_Task prompt_
Report every line of the data where the string "dots" appears.

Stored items
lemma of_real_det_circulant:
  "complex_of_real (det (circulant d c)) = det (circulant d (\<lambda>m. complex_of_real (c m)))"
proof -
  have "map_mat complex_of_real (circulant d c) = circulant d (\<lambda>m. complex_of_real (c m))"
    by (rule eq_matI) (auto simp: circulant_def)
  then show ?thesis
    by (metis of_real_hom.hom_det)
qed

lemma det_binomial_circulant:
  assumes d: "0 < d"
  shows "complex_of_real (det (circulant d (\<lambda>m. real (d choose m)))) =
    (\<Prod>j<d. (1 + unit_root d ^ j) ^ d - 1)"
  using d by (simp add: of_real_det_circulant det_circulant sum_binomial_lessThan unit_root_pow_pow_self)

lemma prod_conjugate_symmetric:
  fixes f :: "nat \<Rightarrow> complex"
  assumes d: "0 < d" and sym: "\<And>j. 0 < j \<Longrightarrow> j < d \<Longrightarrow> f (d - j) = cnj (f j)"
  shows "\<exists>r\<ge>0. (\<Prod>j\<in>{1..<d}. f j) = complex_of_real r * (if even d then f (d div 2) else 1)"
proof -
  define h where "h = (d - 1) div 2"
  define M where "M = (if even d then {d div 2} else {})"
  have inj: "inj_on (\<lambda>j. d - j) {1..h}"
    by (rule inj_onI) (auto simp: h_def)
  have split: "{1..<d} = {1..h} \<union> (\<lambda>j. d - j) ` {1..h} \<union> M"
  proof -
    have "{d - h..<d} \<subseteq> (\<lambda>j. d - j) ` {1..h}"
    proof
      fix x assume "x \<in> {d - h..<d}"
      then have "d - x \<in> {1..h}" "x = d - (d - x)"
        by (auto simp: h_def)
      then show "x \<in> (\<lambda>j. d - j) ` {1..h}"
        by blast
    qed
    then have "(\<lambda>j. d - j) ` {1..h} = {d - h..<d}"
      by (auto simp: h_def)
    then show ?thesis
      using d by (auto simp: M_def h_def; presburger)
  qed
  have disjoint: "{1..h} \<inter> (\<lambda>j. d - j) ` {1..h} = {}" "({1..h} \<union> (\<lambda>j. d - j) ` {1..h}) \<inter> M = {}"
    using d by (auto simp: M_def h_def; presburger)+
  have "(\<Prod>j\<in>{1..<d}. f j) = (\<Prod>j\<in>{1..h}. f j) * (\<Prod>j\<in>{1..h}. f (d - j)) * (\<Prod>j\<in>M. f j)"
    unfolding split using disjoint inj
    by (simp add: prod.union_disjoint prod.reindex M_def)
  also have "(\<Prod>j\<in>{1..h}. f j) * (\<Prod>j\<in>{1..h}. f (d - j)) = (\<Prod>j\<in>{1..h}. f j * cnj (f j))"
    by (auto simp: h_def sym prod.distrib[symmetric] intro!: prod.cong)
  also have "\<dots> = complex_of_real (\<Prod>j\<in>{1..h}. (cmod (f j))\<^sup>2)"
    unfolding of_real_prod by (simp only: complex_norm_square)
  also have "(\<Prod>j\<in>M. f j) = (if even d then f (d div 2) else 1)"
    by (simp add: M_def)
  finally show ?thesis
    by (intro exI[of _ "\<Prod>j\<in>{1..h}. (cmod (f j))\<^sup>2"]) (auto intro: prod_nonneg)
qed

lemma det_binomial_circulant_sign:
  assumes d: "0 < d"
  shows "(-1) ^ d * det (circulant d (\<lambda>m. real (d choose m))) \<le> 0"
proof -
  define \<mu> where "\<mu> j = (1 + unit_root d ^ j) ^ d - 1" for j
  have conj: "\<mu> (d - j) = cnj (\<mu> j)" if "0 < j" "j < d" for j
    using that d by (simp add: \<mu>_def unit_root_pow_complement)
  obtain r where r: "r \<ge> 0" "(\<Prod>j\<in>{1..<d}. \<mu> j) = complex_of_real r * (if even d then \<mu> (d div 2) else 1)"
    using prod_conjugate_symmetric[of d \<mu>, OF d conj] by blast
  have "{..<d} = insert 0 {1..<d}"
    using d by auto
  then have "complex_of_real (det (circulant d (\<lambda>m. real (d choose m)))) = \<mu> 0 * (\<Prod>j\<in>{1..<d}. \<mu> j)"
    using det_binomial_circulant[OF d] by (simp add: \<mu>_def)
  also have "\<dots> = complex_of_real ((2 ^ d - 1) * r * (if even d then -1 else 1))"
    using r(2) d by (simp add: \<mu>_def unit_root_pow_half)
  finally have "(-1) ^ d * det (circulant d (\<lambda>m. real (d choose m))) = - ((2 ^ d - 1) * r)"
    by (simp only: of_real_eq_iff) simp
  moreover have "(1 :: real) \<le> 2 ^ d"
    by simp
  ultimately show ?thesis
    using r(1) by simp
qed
==
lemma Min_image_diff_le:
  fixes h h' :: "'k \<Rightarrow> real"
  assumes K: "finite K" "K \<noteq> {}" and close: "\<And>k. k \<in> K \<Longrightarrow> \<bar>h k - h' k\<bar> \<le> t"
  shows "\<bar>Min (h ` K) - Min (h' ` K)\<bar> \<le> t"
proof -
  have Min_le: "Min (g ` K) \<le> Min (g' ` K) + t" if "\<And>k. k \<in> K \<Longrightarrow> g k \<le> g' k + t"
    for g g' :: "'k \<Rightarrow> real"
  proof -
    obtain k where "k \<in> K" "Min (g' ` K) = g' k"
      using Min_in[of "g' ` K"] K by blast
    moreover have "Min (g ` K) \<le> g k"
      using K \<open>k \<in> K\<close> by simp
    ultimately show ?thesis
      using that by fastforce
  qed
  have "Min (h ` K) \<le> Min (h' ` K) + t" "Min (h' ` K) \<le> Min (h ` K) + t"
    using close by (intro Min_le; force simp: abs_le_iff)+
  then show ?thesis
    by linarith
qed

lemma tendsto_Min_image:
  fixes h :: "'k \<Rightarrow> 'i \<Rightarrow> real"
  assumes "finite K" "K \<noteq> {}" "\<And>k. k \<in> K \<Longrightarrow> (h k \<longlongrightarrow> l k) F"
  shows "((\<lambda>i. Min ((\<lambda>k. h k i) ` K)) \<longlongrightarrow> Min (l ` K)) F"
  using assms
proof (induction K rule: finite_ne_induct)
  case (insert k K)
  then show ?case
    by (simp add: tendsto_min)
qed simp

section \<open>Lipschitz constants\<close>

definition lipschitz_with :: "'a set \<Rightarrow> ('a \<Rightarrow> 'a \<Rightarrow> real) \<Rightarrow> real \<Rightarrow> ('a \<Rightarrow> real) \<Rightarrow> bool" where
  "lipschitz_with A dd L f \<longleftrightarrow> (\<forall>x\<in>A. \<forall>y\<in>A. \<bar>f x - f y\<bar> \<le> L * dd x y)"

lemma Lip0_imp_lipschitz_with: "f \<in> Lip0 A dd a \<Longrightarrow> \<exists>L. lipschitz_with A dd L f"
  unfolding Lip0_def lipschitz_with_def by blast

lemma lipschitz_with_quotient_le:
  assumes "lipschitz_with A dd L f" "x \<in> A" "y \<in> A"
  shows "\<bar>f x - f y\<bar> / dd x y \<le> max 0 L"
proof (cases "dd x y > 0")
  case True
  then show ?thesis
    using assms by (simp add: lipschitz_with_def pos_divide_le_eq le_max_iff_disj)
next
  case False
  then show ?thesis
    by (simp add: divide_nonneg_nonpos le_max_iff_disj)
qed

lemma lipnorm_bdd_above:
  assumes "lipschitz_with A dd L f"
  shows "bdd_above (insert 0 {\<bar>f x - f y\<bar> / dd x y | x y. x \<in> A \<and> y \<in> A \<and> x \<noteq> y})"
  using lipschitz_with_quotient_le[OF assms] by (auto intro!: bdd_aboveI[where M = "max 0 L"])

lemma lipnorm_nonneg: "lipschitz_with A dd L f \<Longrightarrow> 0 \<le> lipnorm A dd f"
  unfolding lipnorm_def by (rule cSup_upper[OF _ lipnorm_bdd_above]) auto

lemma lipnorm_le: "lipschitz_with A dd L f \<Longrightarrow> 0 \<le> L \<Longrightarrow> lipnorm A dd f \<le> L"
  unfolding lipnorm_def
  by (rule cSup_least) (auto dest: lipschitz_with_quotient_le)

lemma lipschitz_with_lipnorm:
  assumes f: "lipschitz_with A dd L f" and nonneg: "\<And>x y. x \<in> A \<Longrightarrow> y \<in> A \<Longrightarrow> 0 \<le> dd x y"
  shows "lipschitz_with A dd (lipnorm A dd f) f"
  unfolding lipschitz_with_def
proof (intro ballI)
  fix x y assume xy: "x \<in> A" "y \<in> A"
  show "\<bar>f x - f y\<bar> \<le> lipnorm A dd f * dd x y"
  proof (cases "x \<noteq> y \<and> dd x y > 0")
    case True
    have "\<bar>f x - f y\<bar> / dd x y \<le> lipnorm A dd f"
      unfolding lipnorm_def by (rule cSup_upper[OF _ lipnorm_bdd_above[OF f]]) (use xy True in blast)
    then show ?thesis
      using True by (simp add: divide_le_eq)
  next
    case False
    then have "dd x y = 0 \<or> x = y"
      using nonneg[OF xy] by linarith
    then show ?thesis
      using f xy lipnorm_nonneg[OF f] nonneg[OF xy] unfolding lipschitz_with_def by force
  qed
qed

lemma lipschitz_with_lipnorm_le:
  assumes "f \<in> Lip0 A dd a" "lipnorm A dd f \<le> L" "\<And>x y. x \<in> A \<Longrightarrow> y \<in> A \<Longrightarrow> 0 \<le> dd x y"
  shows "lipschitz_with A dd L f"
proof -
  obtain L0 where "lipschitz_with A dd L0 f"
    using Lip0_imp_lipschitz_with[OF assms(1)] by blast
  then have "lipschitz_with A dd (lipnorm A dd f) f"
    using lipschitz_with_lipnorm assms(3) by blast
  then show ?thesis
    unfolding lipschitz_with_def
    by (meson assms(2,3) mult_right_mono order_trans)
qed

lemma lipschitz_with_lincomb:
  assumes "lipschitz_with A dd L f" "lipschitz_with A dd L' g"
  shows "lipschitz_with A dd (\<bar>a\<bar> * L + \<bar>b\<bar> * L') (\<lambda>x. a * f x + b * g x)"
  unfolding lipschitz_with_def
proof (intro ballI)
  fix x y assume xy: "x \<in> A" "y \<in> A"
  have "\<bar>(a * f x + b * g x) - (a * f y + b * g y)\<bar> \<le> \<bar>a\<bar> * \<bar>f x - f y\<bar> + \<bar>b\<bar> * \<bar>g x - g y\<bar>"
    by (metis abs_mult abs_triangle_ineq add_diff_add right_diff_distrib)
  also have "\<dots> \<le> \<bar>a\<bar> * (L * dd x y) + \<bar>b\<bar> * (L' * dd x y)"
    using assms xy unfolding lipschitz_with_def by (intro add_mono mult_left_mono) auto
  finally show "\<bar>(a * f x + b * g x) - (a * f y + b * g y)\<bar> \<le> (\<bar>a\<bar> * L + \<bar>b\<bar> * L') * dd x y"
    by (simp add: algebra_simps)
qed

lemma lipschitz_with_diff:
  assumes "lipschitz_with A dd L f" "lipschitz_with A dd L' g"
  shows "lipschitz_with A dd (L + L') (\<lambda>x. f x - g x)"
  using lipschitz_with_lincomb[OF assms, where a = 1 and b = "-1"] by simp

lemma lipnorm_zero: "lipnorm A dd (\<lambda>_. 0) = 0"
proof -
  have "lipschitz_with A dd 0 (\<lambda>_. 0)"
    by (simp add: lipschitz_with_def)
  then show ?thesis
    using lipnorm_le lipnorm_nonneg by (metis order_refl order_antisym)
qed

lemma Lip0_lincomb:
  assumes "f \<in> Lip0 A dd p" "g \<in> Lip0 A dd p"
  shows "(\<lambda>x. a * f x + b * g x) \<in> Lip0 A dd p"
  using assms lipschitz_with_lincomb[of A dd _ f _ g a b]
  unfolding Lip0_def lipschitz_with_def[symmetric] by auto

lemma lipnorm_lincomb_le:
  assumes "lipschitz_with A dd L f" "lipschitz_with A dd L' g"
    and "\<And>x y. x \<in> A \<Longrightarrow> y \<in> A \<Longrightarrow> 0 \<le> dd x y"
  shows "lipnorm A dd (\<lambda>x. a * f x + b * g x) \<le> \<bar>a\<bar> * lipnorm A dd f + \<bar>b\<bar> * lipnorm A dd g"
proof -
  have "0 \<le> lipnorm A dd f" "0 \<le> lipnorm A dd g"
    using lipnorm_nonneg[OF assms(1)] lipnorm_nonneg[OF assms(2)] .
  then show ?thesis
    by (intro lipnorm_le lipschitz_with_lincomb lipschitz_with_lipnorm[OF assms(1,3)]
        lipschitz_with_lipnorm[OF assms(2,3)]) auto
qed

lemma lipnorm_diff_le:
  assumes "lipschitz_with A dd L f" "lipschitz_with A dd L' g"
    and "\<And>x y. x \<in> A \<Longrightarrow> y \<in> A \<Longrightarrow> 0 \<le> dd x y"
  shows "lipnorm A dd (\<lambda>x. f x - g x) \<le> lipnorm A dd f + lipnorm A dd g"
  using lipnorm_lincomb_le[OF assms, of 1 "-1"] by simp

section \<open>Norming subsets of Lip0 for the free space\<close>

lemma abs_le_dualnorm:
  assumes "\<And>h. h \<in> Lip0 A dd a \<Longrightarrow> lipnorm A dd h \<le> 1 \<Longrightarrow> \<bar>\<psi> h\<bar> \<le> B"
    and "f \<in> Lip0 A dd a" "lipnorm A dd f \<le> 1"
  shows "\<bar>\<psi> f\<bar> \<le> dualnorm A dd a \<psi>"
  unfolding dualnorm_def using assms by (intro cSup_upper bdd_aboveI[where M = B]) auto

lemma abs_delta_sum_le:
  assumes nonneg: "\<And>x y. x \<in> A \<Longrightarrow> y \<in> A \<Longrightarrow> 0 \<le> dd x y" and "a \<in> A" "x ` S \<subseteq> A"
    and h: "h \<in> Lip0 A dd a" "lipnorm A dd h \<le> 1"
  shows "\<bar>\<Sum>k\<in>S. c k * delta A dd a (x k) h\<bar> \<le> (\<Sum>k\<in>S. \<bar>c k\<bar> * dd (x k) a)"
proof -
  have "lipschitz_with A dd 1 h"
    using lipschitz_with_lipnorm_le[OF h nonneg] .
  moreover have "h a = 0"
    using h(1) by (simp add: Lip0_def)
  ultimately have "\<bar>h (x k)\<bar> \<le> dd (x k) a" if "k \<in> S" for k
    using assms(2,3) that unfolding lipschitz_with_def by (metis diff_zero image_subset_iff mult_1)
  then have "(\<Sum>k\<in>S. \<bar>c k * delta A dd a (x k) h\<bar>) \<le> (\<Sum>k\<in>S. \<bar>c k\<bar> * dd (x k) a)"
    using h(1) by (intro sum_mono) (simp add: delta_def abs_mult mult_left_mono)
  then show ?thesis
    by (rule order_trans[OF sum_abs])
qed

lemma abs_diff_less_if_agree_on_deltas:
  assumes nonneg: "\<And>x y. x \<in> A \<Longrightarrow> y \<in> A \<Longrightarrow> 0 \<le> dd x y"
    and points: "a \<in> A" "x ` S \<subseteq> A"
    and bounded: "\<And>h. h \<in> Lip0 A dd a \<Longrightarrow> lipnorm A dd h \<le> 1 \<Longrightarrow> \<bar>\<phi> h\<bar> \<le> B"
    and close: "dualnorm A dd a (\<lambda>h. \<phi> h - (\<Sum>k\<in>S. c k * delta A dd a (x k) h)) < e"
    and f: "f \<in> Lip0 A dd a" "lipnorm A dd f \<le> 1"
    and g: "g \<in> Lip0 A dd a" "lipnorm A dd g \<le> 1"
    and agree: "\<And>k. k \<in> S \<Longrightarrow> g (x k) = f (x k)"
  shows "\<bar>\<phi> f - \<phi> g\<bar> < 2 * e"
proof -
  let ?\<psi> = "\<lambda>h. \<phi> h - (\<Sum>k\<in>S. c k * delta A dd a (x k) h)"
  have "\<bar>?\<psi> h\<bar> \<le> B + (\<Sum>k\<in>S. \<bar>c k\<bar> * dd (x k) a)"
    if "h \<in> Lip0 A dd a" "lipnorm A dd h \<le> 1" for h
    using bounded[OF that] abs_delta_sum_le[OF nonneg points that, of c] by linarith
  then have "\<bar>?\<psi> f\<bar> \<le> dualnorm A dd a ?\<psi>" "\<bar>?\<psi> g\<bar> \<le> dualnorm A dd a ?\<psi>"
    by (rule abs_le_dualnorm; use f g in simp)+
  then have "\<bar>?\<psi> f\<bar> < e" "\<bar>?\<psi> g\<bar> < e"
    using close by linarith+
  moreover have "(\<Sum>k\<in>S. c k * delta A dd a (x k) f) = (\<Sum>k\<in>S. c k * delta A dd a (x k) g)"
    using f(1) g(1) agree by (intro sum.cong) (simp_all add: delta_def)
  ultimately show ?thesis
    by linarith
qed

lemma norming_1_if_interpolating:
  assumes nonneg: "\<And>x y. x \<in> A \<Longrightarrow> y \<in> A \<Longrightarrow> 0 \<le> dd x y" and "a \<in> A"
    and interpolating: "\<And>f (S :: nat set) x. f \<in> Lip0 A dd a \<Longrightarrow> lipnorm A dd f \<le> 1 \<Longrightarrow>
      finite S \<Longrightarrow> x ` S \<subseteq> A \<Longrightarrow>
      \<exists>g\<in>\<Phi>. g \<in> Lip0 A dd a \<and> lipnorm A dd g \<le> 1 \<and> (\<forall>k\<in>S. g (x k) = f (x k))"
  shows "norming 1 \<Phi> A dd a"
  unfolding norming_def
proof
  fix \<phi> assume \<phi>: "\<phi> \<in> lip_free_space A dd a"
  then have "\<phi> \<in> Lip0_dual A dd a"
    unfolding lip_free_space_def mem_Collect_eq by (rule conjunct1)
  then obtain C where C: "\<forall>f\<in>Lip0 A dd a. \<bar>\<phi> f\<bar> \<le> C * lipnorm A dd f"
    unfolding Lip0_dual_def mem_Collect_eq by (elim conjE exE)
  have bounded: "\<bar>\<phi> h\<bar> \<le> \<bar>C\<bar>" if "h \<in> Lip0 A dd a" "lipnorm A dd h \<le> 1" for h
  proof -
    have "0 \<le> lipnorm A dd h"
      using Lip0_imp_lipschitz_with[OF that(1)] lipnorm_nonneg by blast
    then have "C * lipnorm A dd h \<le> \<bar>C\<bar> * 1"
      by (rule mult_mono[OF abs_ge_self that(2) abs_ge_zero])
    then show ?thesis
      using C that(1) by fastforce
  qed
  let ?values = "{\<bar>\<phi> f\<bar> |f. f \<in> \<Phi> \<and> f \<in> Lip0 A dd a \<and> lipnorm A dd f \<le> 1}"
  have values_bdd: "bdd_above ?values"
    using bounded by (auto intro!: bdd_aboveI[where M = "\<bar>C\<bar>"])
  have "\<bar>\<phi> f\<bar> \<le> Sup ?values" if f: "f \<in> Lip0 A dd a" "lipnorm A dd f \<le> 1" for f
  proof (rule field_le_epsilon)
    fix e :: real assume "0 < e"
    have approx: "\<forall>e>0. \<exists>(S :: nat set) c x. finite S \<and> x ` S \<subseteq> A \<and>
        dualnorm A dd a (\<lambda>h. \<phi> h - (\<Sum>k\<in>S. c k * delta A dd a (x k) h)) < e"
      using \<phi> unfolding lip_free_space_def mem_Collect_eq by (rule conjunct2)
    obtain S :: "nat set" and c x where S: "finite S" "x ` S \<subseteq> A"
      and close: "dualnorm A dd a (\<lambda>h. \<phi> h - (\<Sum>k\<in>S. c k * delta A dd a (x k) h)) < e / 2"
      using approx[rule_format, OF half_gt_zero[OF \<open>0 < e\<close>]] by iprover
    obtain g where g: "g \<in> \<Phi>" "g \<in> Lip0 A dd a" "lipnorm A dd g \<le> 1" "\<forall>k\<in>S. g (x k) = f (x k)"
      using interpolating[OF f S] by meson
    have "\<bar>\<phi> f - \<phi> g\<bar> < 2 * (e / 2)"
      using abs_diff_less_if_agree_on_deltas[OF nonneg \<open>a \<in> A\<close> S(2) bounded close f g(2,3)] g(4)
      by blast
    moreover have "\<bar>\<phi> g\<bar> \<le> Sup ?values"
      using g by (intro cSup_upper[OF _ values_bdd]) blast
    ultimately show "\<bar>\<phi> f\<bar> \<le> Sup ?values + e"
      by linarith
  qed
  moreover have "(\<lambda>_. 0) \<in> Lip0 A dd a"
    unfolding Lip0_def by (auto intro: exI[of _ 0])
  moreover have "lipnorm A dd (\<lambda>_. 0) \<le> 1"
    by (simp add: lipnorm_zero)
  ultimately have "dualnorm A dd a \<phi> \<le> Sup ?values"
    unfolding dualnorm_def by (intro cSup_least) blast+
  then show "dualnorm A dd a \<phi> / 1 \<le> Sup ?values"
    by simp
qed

_Problem solution_
  also have "\<dots> = complex_of_real (\<Prod>j\<in>{1..h}. (cmod (f j))\<^sup>2)"
  also have "\<dots> = complex_of_real ((2 ^ d - 1) * r * (if even d then -1 else 1))"
  also have "\<dots> \<le> \<bar>a\<bar> * (L * dd x y) + \<bar>b\<bar> * (L' * dd x y)"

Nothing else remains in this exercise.